Co-ops for Dummies: Figure 2
A co-op at 2122 California Street NW

This leads us to another element of co-op ownership, a confusing one, but something that will bring down a buyer’s initial outlay. Dominic Turano of First Home Mortgage explained that co-op buildings often have an underlying mortgage that exists either from the original financing of the building or from a mortgage that was taken out to fund improvements. The corporation takes on the debt, and each owner pays some portion every month, proportional to the size of their unit. The taxes and interest on this underlying mortgage are tax-deductible.

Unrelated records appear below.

definition bernstein2 :: "nat \<Rightarrow> nat \<Rightarrow> (real \<times> real \<Rightarrow> real) \<Rightarrow> real \<times> real \<Rightarrow> real" where
  "bernstein2 N1 N2 g x =
     (\<Sum>j1\<le>N1. \<Sum>j2\<le>N2.
        real (N1 choose j1) * real (N2 choose j2)
        * fst x ^ j1 * (1 - fst x) ^ (N1 - j1)
        * snd x ^ j2 * (1 - snd x) ^ (N2 - j2)
        * g (real j1 / real N1, real j2 / real N2))"

definition C2_on :: "(real \<times> real) set \<Rightarrow> (real \<times> real \<Rightarrow> real)
   \<Rightarrow> (real \<times> real \<Rightarrow> ((real \<times> real) \<Rightarrow>\<^sub>L real))
   \<Rightarrow> (real \<times> real \<Rightarrow> ((real \<times> real) \<Rightarrow>\<^sub>L ((real \<times> real) \<Rightarrow>\<^sub>L real))) \<Rightarrow> bool" where
  "C2_on S f f' f'' \<longleftrightarrow>
     (\<forall>x\<in>S. (f has_derivative blinfun_apply (f' x)) (at x within S)) \<and>
     (\<forall>x\<in>S. (f' has_derivative blinfun_apply (f'' x)) (at x within S)) \<and>
     continuous_on S f''"

text \<open>The generator L_d f(x); the second partials are f_{x_i x_i}(x) = f''(x) e_i e_i,
  and Mx . grad f(x) = f'(x)(Mx).\<close>
definition L_gen :: "real \<Rightarrow> real
   \<Rightarrow> (real \<times> real \<Rightarrow> ((real \<times> real) \<Rightarrow>\<^sub>L real))
   \<Rightarrow> (real \<times> real \<Rightarrow> ((real \<times> real) \<Rightarrow>\<^sub>L ((real \<times> real) \<Rightarrow>\<^sub>L real)))
   \<Rightarrow> real \<times> real \<Rightarrow> real" where
  "L_gen d \<kappa> f' f'' x =
     fst x * (1 - fst x) / 2 * blinfun_apply (blinfun_apply (f'' x) (1, 0)) (1, 0)
     + snd x * (1 - snd x) / (2 * d) * blinfun_apply (blinfun_apply (f'' x) (0, 1)) (0, 1)
     - \<kappa> * blinfun_apply (f' x) (Mmat d x)"

end

theory Submission
  imports Defs
begin

(* Expand f to second order at x, f u = f x + f' x (u - x) + f'' x (u - x) (u - x) / 2 + R u.
   Since A y - x = A (y - x) - (kappa / N) M x with A linear, the Bernstein operator of the
   quadratic part is computed exactly from the first two central moments of the binomial
   weights, 0 and x_i (1 - x_i) / N_i; multiplied by N this is an explicit expression tending
   to L_d f(x). Continuity of f'' at x and its boundedness on the square give
   |R u| <= eps |u - x|^2 + C_eps |u - x|^4, and the second and fourth central Bernstein
   moments are O(1/N) and O(1/N^2), so N B_N(R o A)(x) -> 0. *)

lemma sum_choose_Bernstein:
  "(\<Sum>k\<le>n. real (k choose r) * Bernstein n k t) = real (n choose r) * t ^ r"
proof (cases "r \<le> n")
  case False
  then show ?thesis by (auto intro!: sum.neutral simp: binomial_eq_0)
next
  case True
  have "(\<Sum>k\<le>n. real (k choose r) * Bernstein n k t) = (\<Sum>k=r..n. real (k choose r) * Bernstein n k t)"
    by (rule sum.mono_neutral_right) auto
  also have "\<dots> = (\<Sum>k=r..n. real (n choose r) * t ^ r * Bernstein (n - r) (k - r) t)"
  proof (rule sum.cong[OF refl])
    fix k assume k: "k \<in> {r..n}"
    then have "real (n choose k) * real (k choose r) = real (n choose r) * real ((n - r) choose (k - r))"
      by (metis atLeastAtMost_iff choose_mult of_nat_mult)
    moreover have "t ^ k = t ^ r * t ^ (k - r)" "(n - r) - (k - r) = n - k"
      using k by (auto simp flip: power_add)
    ultimately show "real (k choose r) * Bernstein n k t = real (n choose r) * t ^ r * Bernstein (n - r) (k - r) t"
      unfolding Bernstein_def by (simp add: algebra_simps)
  qed
  also have "\<dots> = real (n choose r) * t ^ r * (\<Sum>k=r..n. Bernstein (n - r) (k - r) t)"
    by (simp add: sum_distrib_left)
  also have "(\<Sum>k=r..n. Bernstein (n - r) (k - r) t) = (\<Sum>i\<le>n-r. Bernstein (n - r) i t)"
    using sum.atLeastAtMost_shift_0[OF True, of "\<lambda>k. Bernstein (n - r) (k - r) t"]
    by (simp add: atLeast0AtMost)
  finally show ?thesis by simp
qed

lemma sum_central_moment2_Bernstein:
  "(\<Sum>k\<le>n. (real k - real n * t)\<^sup>2 * Bernstein n k t) = real n * t * (1 - t)"
proof -
  define a where "a = real n * t"
  have "(\<Sum>k\<le>n. (real k - a)\<^sup>2 * Bernstein n k t) = (\<Sum>k\<le>n. real k * (real k - 1) * Bernstein n k t
      + (1 - 2 * a) * (real k * Bernstein n k t) + a\<^sup>2 * Bernstein n k t)"
    by (intro sum.cong refl) algebra
  also have "\<dots> = real n * (real n - 1) * t\<^sup>2 + (1 - 2 * a) * (real n * t) + a\<^sup>2"
    by (simp only: sum.distrib flip: sum_distrib_left) simp
  finally show ?thesis unfolding a_def by algebra
qed

lemma sum_central_moment4_Bernstein:
  "(\<Sum>k\<le>n. (real k - real n * t) ^ 4 * Bernstein n k t)
     = 3 * (real n * t * (1 - t))\<^sup>2 + real n * t * (1 - t) * (1 - 6 * t * (1 - t))"
proof -
  define a where "a = real n * t"
  have choose: "real (k choose 2) = real k * (real k - 1) / 2"
    "real (k choose 3) = real k * (real k - 1) * (real k - 2) / 6"
    "real (k choose 4) = real k * (real k - 1) * (real k - 2) * (real k - 3) / 24" for k
    by (simp_all add: binomial_gbinomial gbinomial_prod_rev eval_nat_numeral prod.atLeast0_lessThan_Suc)
  \<comment> \<open>expand \<open>(k - a)^4\<close> in the basis \<open>k choose j\<close>, whose Bernstein averages are known\<close>
  have "(\<Sum>k\<le>n. (real k - a) ^ 4 * Bernstein n k t)
      = (\<Sum>k\<le>n. 24 * (real (k choose 4) * Bernstein n k t)
          + (36 - 24 * a) * (real (k choose 3) * Bernstein n k t)
          + (14 - 24 * a + 12 * a\<^sup>2) * (real (k choose 2) * Bernstein n k t)
          + (1 - 4 * a + 6 * a\<^sup>2 - 4 * a ^ 3) * (real k * Bernstein n k t) + a ^ 4 * Bernstein n k t)"
    by (intro sum.cong refl) (unfold choose, algebra)
  also have "\<dots> = 24 * (real (n choose 4) * t ^ 4) + (36 - 24 * a) * (real (n choose 3) * t ^ 3)
      + (14 - 24 * a + 12 * a\<^sup>2) * (real (n choose 2) * t ^ 2)
      + (1 - 4 * a + 6 * a\<^sup>2 - 4 * a ^ 3) * (real n * t) + a ^ 4"
    by (simp only: sum.distrib sum_choose_Bernstein flip: sum_distrib_left) simp
  finally show ?thesis unfolding choose a_def by algebra
qed

lemma Bernstein_centered_power_eq:
  assumes "0 < n"
  shows "(\<Sum>k\<le>n. (real k / real n - t) ^ j * Bernstein n k t)
    = (\<Sum>k\<le>n. (real k - real n * t) ^ j * Bernstein n k t) / real n ^ j"
proof -
  have "(real k / real n - t) ^ j = (real k - real n * t) ^ j / real n ^ j" for k
    using assms by (simp add: diff_divide_distrib flip: power_divide)
  then show ?thesis by (simp add: sum_divide_distrib)
qed

lemma sum_centered_Bernstein:
  "0 < n \<Longrightarrow> (\<Sum>k\<le>n. (real k / real n - t) * Bernstein n k t) = 0"
  using Bernstein_centered_power_eq[of n t 1] by (simp add: algebra_simps sum_subtractf flip: sum_distrib_left)

lemma sum_centered_sq_Bernstein:
  "0 < n \<Longrightarrow> (\<Sum>k\<le>n. (real k / real n - t)\<^sup>2 * Bernstein n k t) = t * (1 - t) / real n"
  unfolding Bernstein_centered_power_eq sum_central_moment2_Bernstein by (simp add: power2_eq_square)

lemma sum_centered_pow4_Bernstein_le:
  assumes "0 < n" "0 \<le> t" "t \<le> 1"
  shows "(\<Sum>k\<le>n. (real k / real n - t) ^ 4 * Bernstein n k t) \<le> 1 / (real n)\<^sup>2"
proof -
  define s where "s = t * (1 - t)"
  have "0 \<le> s" using assms(2,3) by (simp add: s_def)
  moreover have "s = 1 / 4 - (t - 1 / 2)\<^sup>2" unfolding s_def by algebra
  ultimately have s: "0 \<le> s" "s \<le> 1 / 4" by simp_all
  have n: "1 \<le> real n" using assms(1) by simp
  have ns: "0 \<le> real n * s" "real n * s \<le> real n / 4"
    using s mult_left_mono[OF s(2), of "real n"] by simp_all
  then have "3 * (real n * s)\<^sup>2 \<le> 3 / 16 * (real n)\<^sup>2"
    using power_mono[OF ns(2), of 2] by (simp add: power_divide)
  moreover have "real n * s * (1 - 6 * s) \<le> real n / 4"
  proof -
    have "real n * s * (1 - 6 * s) \<le> real n * s" using ns s by (simp add: mult_left_le)
    then show ?thesis using ns by linarith
  qed
  moreover have "real n \<le> (real n)\<^sup>2" using n by (simp add: power2_eq_square)
  ultimately have "3 * (real n * s)\<^sup>2 + real n * s * (1 - 6 * s) \<le> (real n)\<^sup>2"
    by linarith
  then have "(3 * (real n * s)\<^sup>2 + real n * s * (1 - 6 * s)) / real n ^ 4 \<le> (real n)\<^sup>2 / real n ^ 4"
    by (intro divide_right_mono) auto
  also have "\<dots> = 1 / (real n)\<^sup>2" using n by (simp add: field_simps power2_eq_square power4_eq_xxxx)
  finally show ?thesis
    unfolding Bernstein_centered_power_eq[OF assms(1)] sum_central_moment4_Bernstein s_def by (simp add: mult.assoc)
qed

lemma bernstein2_eq_sum_Bernstein:
  "bernstein2 n m g x = (\<Sum>j1\<le>n. \<Sum>j2\<le>m.
     Bernstein n j1 (fst x) * Bernstein m j2 (snd x) * g (real j1 / real n, real j2 / real m))"
  unfolding bernstein2_def Bernstein_def by (intro sum.cong refl) (simp add: ac_simps)

lemma bernstein2_add: "bernstein2 n m (\<lambda>y. g y + h y) x = bernstein2 n m g x + bernstein2 n m h x"
  unfolding bernstein2_eq_sum_Bernstein by (simp add: distrib_left sum.distrib)

lemma bernstein2_cmult: "bernstein2 n m (\<lambda>y. c * g y) x = c * bernstein2 n m g x"
  unfolding bernstein2_eq_sum_Bernstein by (simp add: sum_distrib_left ac_simps)

lemma bernstein2_product:
  "bernstein2 n m (\<lambda>y. g (fst y) * h (snd y)) x
     = (\<Sum>k\<le>n. g (real k / real n) * Bernstein n k (fst x)) * (\<Sum>k\<le>m. h (real k / real m) * Bernstein m k (snd x))"
  unfolding bernstein2_eq_sum_Bernstein by (simp add: sum_product ac_simps) (rule sum.swap)

lemma bernstein2_fst: "bernstein2 n m (\<lambda>y. g (fst y)) x = (\<Sum>k\<le>n. g (real k / real n) * Bernstein n k (fst x))"
  using bernstein2_product[of n m "g" "\<lambda>_. 1" x] by simp

lemma bernstein2_snd: "bernstein2 n m (\<lambda>y. h (snd y)) x = (\<Sum>k\<le>m. h (real k / real m) * Bernstein m k (snd x))"
  using bernstein2_product[of n m "\<lambda>_. 1" h x] by simp

lemma bernstein2_const: "bernstein2 n m (\<lambda>y. c) x = c"
  using bernstein2_fst[of n m "\<lambda>_. c" x] by (simp flip: sum_distrib_left)

lemma bernstein2_mono:
  assumes "x \<in> unit_square" and "\<And>y. y \<in> unit_square \<Longrightarrow> g y \<le> h y"
  shows "bernstein2 n m g x \<le> bernstein2 n m h x"
  unfolding bernstein2_eq_sum_Bernstein
proof (intro sum_mono mult_left_mono)
  fix j1 j2 assume "j1 \<in> {..n}" "j2 \<in> {..m}"
  then have "real j1 / real n \<in> {0..1}" "real j2 / real m \<in> {0..1}"
    by (auto simp: divide_le_eq_1)
  then show "g (real j1 / real n, real j2 / real m) \<le> h (real j1 / real n, real j2 / real m)"
    by (intro assms(2)) (simp add: unit_square_def)
  show "0 \<le> Bernstein n j1 (fst x) * Bernstein m j2 (snd x)"
    using assms(1) by (intro mult_nonneg_nonneg Bernstein_nonneg) (auto simp: unit_square_def)
qed

lemma bernstein2_abs_le:
  assumes "x \<in> unit_square" and "\<And>y. y \<in> unit_square \<Longrightarrow> \<bar>g y\<bar> \<le> h y"
  shows "\<bar>bernstein2 n m g x\<bar> \<le> bernstein2 n m h x"
proof -
  have "- h y \<le> g y" "g y \<le> h y" if "y \<in> unit_square" for y
    using assms(2)[OF that] by linarith+
  then have "bernstein2 n m (\<lambda>y. - 1 * h y) x \<le> bernstein2 n m g x" "bernstein2 n m g x \<le> bernstein2 n m h x"
    by (auto intro: bernstein2_mono[OF assms(1)])
  then show ?thesis unfolding bernstein2_cmult by linarith
qed

lemma bernstein2_centered_moments:
  assumes "0 < n" "0 < m"
  shows "bernstein2 n m (\<lambda>y. fst y - fst x) x = 0"
    and "bernstein2 n m (\<lambda>y. snd y - snd x) x = 0"
    and "bernstein2 n m (\<lambda>y. (fst y - fst x) * (snd y - snd x)) x = 0"
    and "bernstein2 n m (\<lambda>y. (fst y - fst x)\<^sup>2) x = fst x * (1 - fst x) / real n"
    and "bernstein2 n m (\<lambda>y. (snd y - snd x)\<^sup>2) x = snd x * (1 - snd x) / real m"
  using bernstein2_fst[of n m "\<lambda>s. s - fst x" x] bernstein2_snd[of n m "\<lambda>s. s - snd x" x]
    bernstein2_product[of n m "\<lambda>s. s - fst x" "\<lambda>s. s - snd x" x]
    bernstein2_fst[of n m "\<lambda>s. (s - fst x)\<^sup>2" x] bernstein2_snd[of n m "\<lambda>s. (s - snd x)\<^sup>2" x]
  by (simp_all add: assms sum_centered_Bernstein sum_centered_sq_Bernstein)

lemma linear_Pair_expansion:
  fixes \<phi> :: "real \<times> real \<Rightarrow> real"
  assumes "linear \<phi>"
  shows "\<phi> v = fst v * \<phi> (1, 0) + snd v * \<phi> (0, 1)"
proof -
  have "\<phi> v = \<phi> (fst v *\<^sub>R (1, 0) + snd v *\<^sub>R (0, 1))" by simp
  also have "\<dots> = fst v *\<^sub>R \<phi> (1, 0) + snd v *\<^sub>R \<phi> (0, 1)"
    by (simp only: linear_add[OF assms] linear_scale[OF assms])
  finally show ?thesis by simp
qed

lemma bilinear_Pair_diag_expansion:
  fixes \<beta> :: "real \<times> real \<Rightarrow> real \<times> real \<Rightarrow> real"
  assumes "bilinear \<beta>"
  shows "\<beta> v v = (fst v)\<^sup>2 * \<beta> (1, 0) (1, 0) + fst v * snd v * (\<beta> (1, 0) (0, 1) + \<beta> (0, 1) (1, 0))
    + (snd v)\<^sup>2 * \<beta> (0, 1) (0, 1)"
proof -
  have "linear (\<beta> v)" "\<And>w. linear (\<lambda>u. \<beta> u w)" using assms unfolding bilinear_def by blast+
  then show ?thesis
    using linear_Pair_expansion[of "\<beta> v" v] linear_Pair_expansion[of "\<lambda>u. \<beta> u (1, 0)" v]
      linear_Pair_expansion[of "\<lambda>u. \<beta> u (0, 1)" v]
    by (simp add: algebra_simps power2_eq_square)
qed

What this means for a buyer purchasing a co-op in a building that has an underlying mortgage is that, during the purchase process, they will be financing significantly less than the purchase price. For example, if you are buying a $300,000 unit and $130,000 of the price is the underlying mortgage, then the down payment you make would be a percentage of the remaining amount of the purchase price. In this case that would be $170,000, meaning that you would only need to pony up $17,000 if you were putting 10 percent down. Generally, information about the amount of the underlying mortgage is disclosed early on in the buying process.

Hopefully, this primer will be a helpful starting point when comparing co-op ownership to condo ownership.

Co-op owners, can you add any advice from your own experience to help UT readers who may be considering a co-op purchase?